Status and Error Messages¶
Broker informs clients about any communication errors—and optionally
also about non-critical connectivity changes—through separate
status
messages. To get access to that information, one creates a
status_subscriber
, which provides a similar synchronous
get/available/poll
API as the standard message subscriber. By
default, a status_subscriber
returns only errors:
auto ss = ep.make_status_subscriber();
if ( ss.available() ) {
auto ss_res = ss.get();
auto err = caf::get<error>(ss_res); // Won't block now.
std::cerr << "Broker error:" << err.code() << ", " << to_string(err) << std::endl;
}
Errors reflect failures that may impact the correctness of operation.
err.code()
returns an enum ec
that codifies existing error
codes:
To receive non-critical status messages as well, specify that when
creating the status_subscriber
:
auto ss = ep.make_status_subscriber(true); // Get status updates and errors.
if ( ss.available() ) {
auto s = ss.get();
if ( auto err = caf::get_if<error>(&s) )
std::cerr << "Broker error:" << err->code() << ", " << to_string(*err) << std::endl;
if ( auto st = caf::get_if<status>(&s) ) {
if ( auto ctx = st->context<endpoint_info>() ) // Get the peer this is about if available.

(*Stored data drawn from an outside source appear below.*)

(* Let $x_i(t)\ge 0$ ($i,t\in[n]$) satisfy $\sum_{i\in[n]}x_i(t)\le 1$ for all $t\in[n]$, and let $\alpha_i$ be the arrival times produced by Discrete-Time Poisson Rounding from $x$. For any positive integer thresholds $(\theta_i)_{i\in[n]}$, $$\Pr\big[\forall i\in[n],\ \alpha_i>2\theta_i\big]\le\exp\Big(-2\sum_{i\in[n]}\sum_{\tau\in[\theta_i]}\bar x_i(\tau)\Big).$$
   Context: Here $[m]=\{1,\dots,m\}$ and $\bar x_i(t)=\frac1t\sum_{t'=1}^{\min\{t,n\}}x_i(t')$ for positive integers $t$ (so $\sum_i\bar x_i(t)\le 1$). Discrete-Time Poisson Rounding: independently at each step $\tau=1,2,\dots$, sample exactly one box $i\in[n]$ with probability $\bar x_i(\lceil\tau/2\rceil)$, or no box with the remaining probability $1-\sum_i\bar x_i(\lceil\tau/2\rceil)$. The arrival time $\alpha_i$ of box $i$ is the first step at which it is sampled ($\infty$ if never). *)

theory Defs
  imports "HOL-Probability.Probability"
begin

text \<open>Boxes are indexed by 1..n, times t by 1..n. x i t is the LP value.\<close>

definition xbar :: "nat \<Rightarrow> (nat \<Rightarrow> nat \<Rightarrow> real) \<Rightarrow> nat \<Rightarrow> nat \<Rightarrow> real" where
  "xbar n x i t = (1 / real t) * (\<Sum>t'\<in>{1..min t n}. x i t')"

text \<open>Distribution of the outcome of step tau: Some i = box i sampled, None = no box.
  Probability of box i is xbar_i(ceil(tau/2)), where ceil(tau/2) = (tau+1) div 2.
  (Step 0 is unused; the arrival times only look at steps tau >= 1.)\<close>

definition step_pmf :: "nat \<Rightarrow> (nat \<Rightarrow> nat \<Rightarrow> real) \<Rightarrow> nat \<Rightarrow> nat option pmf" where
  "step_pmf n x \<tau> = embed_pmf (\<lambda>s. case s of
       Some i \<Rightarrow> (if i \<in> {1..n} then xbar n x i ((\<tau> + 1) div 2) else 0)
     | None \<Rightarrow> 1 - (\<Sum>i\<in>{1..n}. xbar n x i ((\<tau> + 1) div 2)))"

definition dtpr :: "nat \<Rightarrow> (nat \<Rightarrow> nat \<Rightarrow> real) \<Rightarrow> (nat \<Rightarrow> nat option) measure" where
  "dtpr n x = (\<Pi>\<^sub>M \<tau>\<in>UNIV. measure_pmf (step_pmf n x \<tau>))"

definition arrival :: "(nat \<Rightarrow> nat option) \<Rightarrow> nat \<Rightarrow> enat" where
  "arrival \<omega> i = (if \<exists>\<tau>\<ge>1. \<omega> \<tau> = Some i
                   then enat (LEAST \<tau>. \<tau> \<ge> 1 \<and> \<omega> \<tau> = Some i) else \<infinity>)"

end

theory Submission
  imports Defs
begin

text \<open>Box \<open>i\<close> misses its deadline \<open>d i\<close> iff none of the independent steps
  \<open>1, \<dots>, d i\<close> samples it. Hence step \<open>\<tau>\<close> must avoid the set \<open>S \<tau>\<close> of boxes whose
  deadline is at least \<open>\<tau>\<close>, which has probability \<open>1 - p\<^sub>\<tau>(S \<tau>) \<le> exp (- p\<^sub>\<tau>(S \<tau>))\<close>.
  Multiplying over the steps and regrouping the exponent by boxes bounds the probability
  that every box misses its deadline by \<open>exp (- \<Sum>\<^sub>i \<Sum>\<^bsub>\<tau> \<le> d i\<^esub> p\<^sub>\<tau>(i))\<close>. For Poisson
  rounding with \<open>d i = 2 \<theta> i\<close>, the value \<open>xbar i t\<close> is the sampling probability of box \<open>i\<close>
  at both steps \<open>2t - 1\<close> and \<open>2t\<close>, which gives the factor 2.\<close>

lemma (in prob_space) prob_compl_le_exp:
  assumes "A \<in> events"
  shows "prob (space M - A) \<le> exp (- prob A)"
  using prob_compl[OF assms] exp_ge_add_one_self[of "- prob A"] by simp

lemma enat_less_arrival_iff:
  "enat k < arrival \<omega> i \<longleftrightarrow> (\<forall>\<tau>\<in>{1..k}. \<omega> \<tau> \<noteq> Some i)"
proof (cases "\<exists>\<tau>\<ge>1. \<omega> \<tau> = Some i")
  case True
  define L where "L = (LEAST \<tau>. \<tau> \<ge> 1 \<and> \<omega> \<tau> = Some i)"
  have L: "L \<ge> 1" "\<omega> L = Some i"
    using LeastI_ex[OF True] unfolding L_def by auto
  have L_least: "L \<le> \<tau>" if "\<tau> \<ge> 1" "\<omega> \<tau> = Some i" for \<tau>
    unfolding L_def using that by (intro Least_le) simp
  have "arrival \<omega> i = enat L"
    using True unfolding arrival_def L_def by simp
  then show ?thesis
    using L L_least by (auto simp: not_less) (meson le_trans not_less)
qed (auto simp: arrival_def)

lemma no_arrival_eq_prod_emb:
  fixes M :: "nat \<Rightarrow> nat option measure"
  assumes space_M: "\<And>\<tau>. space (M \<tau>) = UNIV" and deadlines: "\<And>i. i \<in> I \<Longrightarrow> d i \<le> T"
  shows "{\<omega> \<in> space (\<Pi>\<^sub>M \<tau>\<in>UNIV. M \<tau>). \<forall>i\<in>I. enat (d i) < arrival \<omega> i}
       = prod_emb UNIV M {1..T} (\<Pi>\<^sub>E \<tau>\<in>{1..T}. UNIV - Some ` {i\<in>I. \<tau> \<le> d i})"
proof -
  have "prod_emb UNIV M {1..T} (\<Pi>\<^sub>E \<tau>\<in>{1..T}. UNIV - Some ` {i\<in>I. \<tau> \<le> d i})
      = {\<omega> \<in> space (\<Pi>\<^sub>M \<tau>\<in>UNIV. M \<tau>). \<forall>\<tau>\<in>{1..T}. \<omega> \<tau> \<notin> Some ` {i\<in>I. \<tau> \<le> d i}}"
    by (auto simp: prod_emb_def space_PiM space_M PiE_iff image_iff)
  also have "\<dots> = {\<omega> \<in> space (\<Pi>\<^sub>M \<tau>\<in>UNIV. M \<tau>). \<forall>i\<in>I. enat (d i) < arrival \<omega> i}"
    unfolding enat_less_arrival_iff using deadlines
    by (intro Collect_cong conj_cong refl) (auto simp: image_iff, meson atLeastAtMost_iff le_trans)
  finally show ?thesis ..
qed

lemma measure_no_arrival_le_exp:
  fixes p :: "nat \<Rightarrow> nat option pmf" and d :: "nat \<Rightarrow> nat"
  defines "P \<equiv> \<Pi>\<^sub>M \<tau>\<in>UNIV. measure_pmf (p \<tau>)"
  assumes "finite I"
  shows "measure P {\<omega> \<in> space P. \<forall>i\<in>I. enat (d i) < arrival \<omega> i}
         \<le> exp (- (\<Sum>i\<in>I. \<Sum>\<tau>\<in>{1..d i}. pmf (p \<tau>) (Some i)))"
proof -
  interpret product_prob_space "\<lambda>\<tau>. measure_pmf (p \<tau>)" UNIV
    by (intro product_prob_spaceI prob_space_measure_pmf)
  define T where "T = (\<Sum>i\<in>I. d i)"
  define S where "S \<tau> = {i\<in>I. \<tau> \<le> d i}" for \<tau>
  have deadlines: "d i \<le> T" if "i \<in> I" for i
    unfolding T_def using \<open>finite I\<close> that by (intro member_le_sum) auto
  have "measure P {\<omega> \<in> space P. \<forall>i\<in>I. enat (d i) < arrival \<omega> i}
      = measure P (prod_emb UNIV (\<lambda>\<tau>. measure_pmf (p \<tau>)) {1..T} (\<Pi>\<^sub>E \<tau>\<in>{1..T}. UNIV - Some ` S \<tau>))"
    unfolding P_def S_def using deadlines by (subst no_arrival_eq_prod_emb) auto
  also have "\<dots> = (\<Prod>\<tau>\<in>{1..T}. measure_pmf.prob (p \<tau>) (UNIV - Some ` S \<tau>))"
    unfolding P_def by (rule measure_PiM_emb) auto
  also have "\<dots> \<le> (\<Prod>\<tau>\<in>{1..T}. exp (- measure_pmf.prob (p \<tau>) (Some ` S \<tau>)))"
    using measure_pmf.prob_compl_le_exp by (intro prod_mono) simp
  also have "\<dots> = exp (- (\<Sum>\<tau>\<in>{1..T}. \<Sum>i\<in>S \<tau>. pmf (p \<tau>) (Some i)))"
    using \<open>finite I\<close>
    by (simp add: S_def measure_measure_pmf_finite sum.reindex sum_negf flip: exp_sum)
  also have "(\<Sum>\<tau>\<in>{1..T}. \<Sum>i\<in>S \<tau>. pmf (p \<tau>) (Some i)) = (\<Sum>i\<in>I. \<Sum>\<tau>\<in>{1..d i}. pmf (p \<tau>) (Some i))"
    unfolding S_def sum.swap_restrict[OF finite_atLeastAtMost \<open>finite I\<close>]
    using deadlines by (intro sum.cong) (auto intro: order_trans)
  finally show ?thesis .
qed

lemma xbar_nonneg:
  assumes "\<And>t. t \<in> {1..n} \<Longrightarrow> x i t \<ge> 0"
  shows "xbar n x i t \<ge> 0"
  unfolding xbar_def using assms by (intro mult_nonneg_nonneg sum_nonneg) auto

lemma sum_xbar_le_1:
  assumes sum_le: "\<And>t. t \<in> {1..n} \<Longrightarrow> (\<Sum>i\<in>{1..n}. x i t) \<le> 1"
  shows "(\<Sum>i\<in>{1..n}. xbar n x i t) \<le> 1"
proof (cases "t = 0")
  case False
  have "(\<Sum>i\<in>{1..n}. xbar n x i t) = (\<Sum>t'\<in>{1..min t n}. \<Sum>i\<in>{1..n}. x i t') / real t"
    unfolding xbar_def sum_distrib_left[symmetric] by (subst sum.swap) simp
  also have "\<dots> \<le> real (min t n) / real t"
    using sum_le sum_mono[of "{1..min t n}" "\<lambda>t'. \<Sum>i\<in>{1..n}. x i t'" "\<lambda>_. 1"]
    by (intro divide_right_mono) auto
  also have "\<dots> \<le> 1"
    using False by simp
  finally show ?thesis .
qed (simp add: xbar_def)

lemma pmf_step_pmf_Some:
  assumes nonneg: "\<And>i t. i \<in> {1..n} \<Longrightarrow> t \<in> {1..n} \<Longrightarrow> x i t \<ge> 0"
    and sum_le: "\<And>t. t \<in> {1..n} \<Longrightarrow> (\<Sum>i\<in>{1..n}. x i t) \<le> 1"
    and i: "i \<in> {1..n}"
  shows "pmf (step_pmf n x \<tau>) (Some i) = xbar n x i ((\<tau> + 1) div 2)"
proof -
  define t where "t = (\<tau> + 1) div 2"
  define f where "f = (\<lambda>s. case s of
       Some j \<Rightarrow> if j \<in> {1..n} then xbar n x j t else 0
     | None \<Rightarrow> 1 - (\<Sum>i\<in>{1..n}. xbar n x i t))"
  have f_nonneg: "0 \<le> f s" for s
    using xbar_nonneg[OF nonneg] sum_xbar_le_1[OF sum_le]
    by (auto simp: f_def split: option.splits)
  have "(\<Sum>s\<in>insert None (Some ` {1..n}). f s) = 1"
    by (simp add: f_def sum.reindex)
  moreover have "(\<integral>\<^sup>+s. ennreal (f s) \<partial>count_space UNIV) = (\<Sum>s\<in>insert None (Some ` {1..n}). ennreal (f s))"
    by (rule nn_integral_count_space') (auto simp: f_def split: option.splits)
  ultimately have "(\<integral>\<^sup>+s. ennreal (f s) \<partial>count_space UNIV) = 1"
    using f_nonneg by (simp add: sum_ennreal)
  then have "pmf (embed_pmf f) (Some i) = f (Some i)"
    using f_nonneg by (intro pmf_embed_pmf) auto
  then show ?thesis
    using i unfolding step_pmf_def f_def t_def by simp
qed

lemma sum_ceil_half:
  fixes f :: "nat \<Rightarrow> 'a::semiring_1"
  shows "(\<Sum>\<tau>\<in>{1..2 * k}. f ((\<tau> + 1) div 2)) = 2 * (\<Sum>t\<in>{1..k}. f t)"
proof (induction k)
  case (Suc k)
  have "{1..2 * Suc k} = insert (2 * k + 2) (insert (2 * k + 1) {1..2 * k})"
    by auto
  then show ?case
    using Suc by (simp add: mult_2 add_ac)
qed simp

theorem lemma3p5:
  fixes n :: nat and x :: "nat \<Rightarrow> nat \<Rightarrow> real" and \<theta> :: "nat \<Rightarrow> nat"
  assumes nonneg: "\<And>i t. i \<in> {1..n} \<Longrightarrow> t \<in> {1..n} \<Longrightarrow> x i t \<ge> 0"
    and sum_le: "\<And>t. t \<in> {1..n} \<Longrightarrow> (\<Sum>i\<in>{1..n}. x i t) \<le> 1"
    and theta_pos: "\<And>i. i \<in> {1..n} \<Longrightarrow> \<theta> i \<ge> 1"
  shows "measure (dtpr n x)
           {\<omega> \<in> space (dtpr n x). \<forall>i\<in>{1..n}. arrival \<omega> i > enat (2 * \<theta> i)}
         \<le> exp (- 2 * (\<Sum>i\<in>{1..n}. \<Sum>\<tau>\<in>{1..\<theta> i}. xbar n x i \<tau>))"
proof -
  have "measure (dtpr n x) {\<omega> \<in> space (dtpr n x). \<forall>i\<in>{1..n}. enat (2 * \<theta> i) < arrival \<omega> i}
      \<le> exp (- (\<Sum>i\<in>{1..n}. \<Sum>\<tau>\<in>{1..2 * \<theta> i}. pmf (step_pmf n x \<tau>) (Some i)))"
    unfolding dtpr_def by (rule measure_no_arrival_le_exp) simp
  also have "(\<Sum>i\<in>{1..n}. \<Sum>\<tau>\<in>{1..2 * \<theta> i}. pmf (step_pmf n x \<tau>) (Some i))
      = (\<Sum>i\<in>{1..n}. 2 * (\<Sum>\<tau>\<in>{1..\<theta> i}. xbar n x i \<tau>))"
    using pmf_step_pmf_Some[OF nonneg sum_le] sum_ceil_half[of "xbar n x _"] by (intro sum.cong) simp_all
  also have "\<dots> = 2 * (\<Sum>i\<in>{1..n}. \<Sum>\<tau>\<in>{1..\<theta> i}. xbar n x i \<tau>)"
    by (simp add: sum_distrib_left)
  finally show ?thesis
    by simp
qed

end
lemma taylor_shift_sums:
  assumes "entire_fun v c F"
  shows "v_tendsto (\<lambda>J. \<Sum>j<J. c (j + k) * of_nat ((j + k) choose k) * \<beta> ^ j) (taylor_shift c \<beta> k)"
proof -
  define R where "R = max 1 (v \<beta>)"
  have "(\<lambda>j. v (c (j + k)) * R ^ (j + k)) \<longlonglongrightarrow> 0"
    using LIMSEQ_ignore_initial_segment[OF entire_fun_terms_tendsto_0[OF assms, of R]]
    by (simp add: R_def)
  moreover have "v (c (j + k) * of_nat ((j + k) choose k) * \<beta> ^ j) \<le> v (c (j + k)) * R ^ (j + k)" for j
  proof -
    have "v (c (j + k) * of_nat ((j + k) choose k) * \<beta> ^ j) \<le> v (c (j + k)) * R ^ j"
      by (rule v_binomial_term_le) (simp add: R_def)
    also have "\<dots> \<le> v (c (j + k)) * R ^ (j + k)"
      by (intro mult_left_mono power_increasing) (auto simp: R_def)
    finally show ?thesis .
  qed
  ultimately have "(\<lambda>j. v (c (j + k) * of_nat ((j + k) choose k) * \<beta> ^ j)) \<longlonglongrightarrow> 0"
    by (intro v_null_le[rotated]) auto
  then obtain s where "v_tendsto (\<lambda>J. \<Sum>j<J. c (j + k) * of_nat ((j + k) choose k) * \<beta> ^ j) s"
    by (rule series_v_tendsto_if_v_null)
  then show ?thesis
    unfolding taylor_shift_def by (rule someI)
qed

lemma taylor_shift_max_term_le:
  assumes "entire_fun v c F" "0 < r" "v \<beta> \<le> r"
  shows "v (taylor_shift c \<beta> k) * r ^ k \<le> max_term r c"
proof -
  have "v (c (j + k) * of_nat ((j + k) choose k) * \<beta> ^ j) \<le> max_term r c / r ^ k" for j
  proof -
    have "v (c (j + k) * of_nat ((j + k) choose k) * \<beta> ^ j) * r ^ k \<le> v (c (j + k)) * r ^ j * r ^ k"
      using v_binomial_term_le[OF assms(3)] assms(2) by (intro mult_right_mono) auto
    also have "\<dots> \<le> max_term r c"
      using max_term_upper[OF assms(1), of r "j + k"] assms(2) by (simp add: power_add mult_ac)
    finally show ?thesis
      using assms(2) by (simp add: pos_le_divide_eq)
  qed
  then have "v (taylor_shift c \<beta> k - (\<Sum>j<0. c (j + k) * of_nat ((j + k) choose k) * \<beta> ^ j)) \<le> max_term r c / r ^ k"
    using max_term_nonneg[OF assms(1)] assms(2)
    by (intro v_tendsto_series_tail_le[OF taylor_shift_sums[OF assms(1)]]) auto
  then show ?thesis
    using assms(2) by (simp add: pos_le_divide_eq)
qed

std::cerr << "Broker status update regarding "
<< ctx->network->address
<< ":" << to_string(*st) << std::endl;
else
std::cerr << "Broker status update:"
<< to_string(*st) << std::endl;
}
Status messages represent non-critical changes to the topology. For
example, after a successful peering, both endpoints receive a
peer_added
status message. The concrete semantics of a status
depend on its embedded code, which the enum sc
codifies:
Status messages have an optional context and an optional descriptive
message. The member function context<T>
returns a const T*
if the context is available. The type of available context information
is dependent on the status code enum sc
. For example, all
sc::peer_*
status codes include an endpoint_info
context as
well as a message.
Forwarding¶
In topologies where multiple endpoints are connected, an endpoint
forwards incoming messages to peers by default for topics that it is
itself subscribed to. One can configure additional topics to forward,
independent of the local subscription status, through the method
endpoint::forward(std::vector<topics>)
. One can also disable
forwarding of remote messages altogether through the Broker
configuration option forward
when creating an endpoint.
When forwarding messages Broker assumes all connected endpoints
form a tree topology without any loops. Still, to avoid messages
circling indefinitely if a loop happens accidentally, Broker’s message
forwarding adds a TTL value to messages, and drops any that have
traversed that many hops. The default TTL is 20; it can be changed by
setting the Broker configuration option ttl
. Note that it is the
first hop’s TTL configuration that determines a message’s lifetime
(not the original sender’s).
Exchanging Zeek Events¶
The communication model discussed so far remains generic for all Broker clients in that it doesn’t associate any semantics with the values exchanged through messages. In practice, however, senders and receivers will need to agree on a specific data layout for the values exchanged, so that they interpret them in the same way. This is in particular true for exchanging events with Zeek—which is one of the main applications for Broker in the first place. To support that, Broker provides built-in support for sending and receiving Zeek events through a small Zeek-specific shim on top of the generic message model. The shim encapsulates Zeek events and takes care of converting them into the expected lower-level message layout that gets transmitted. This way, Zeek events can be exchanged between an external Broker client and Zeek itself—and also even just between Broker clients without any Zeek instances at all.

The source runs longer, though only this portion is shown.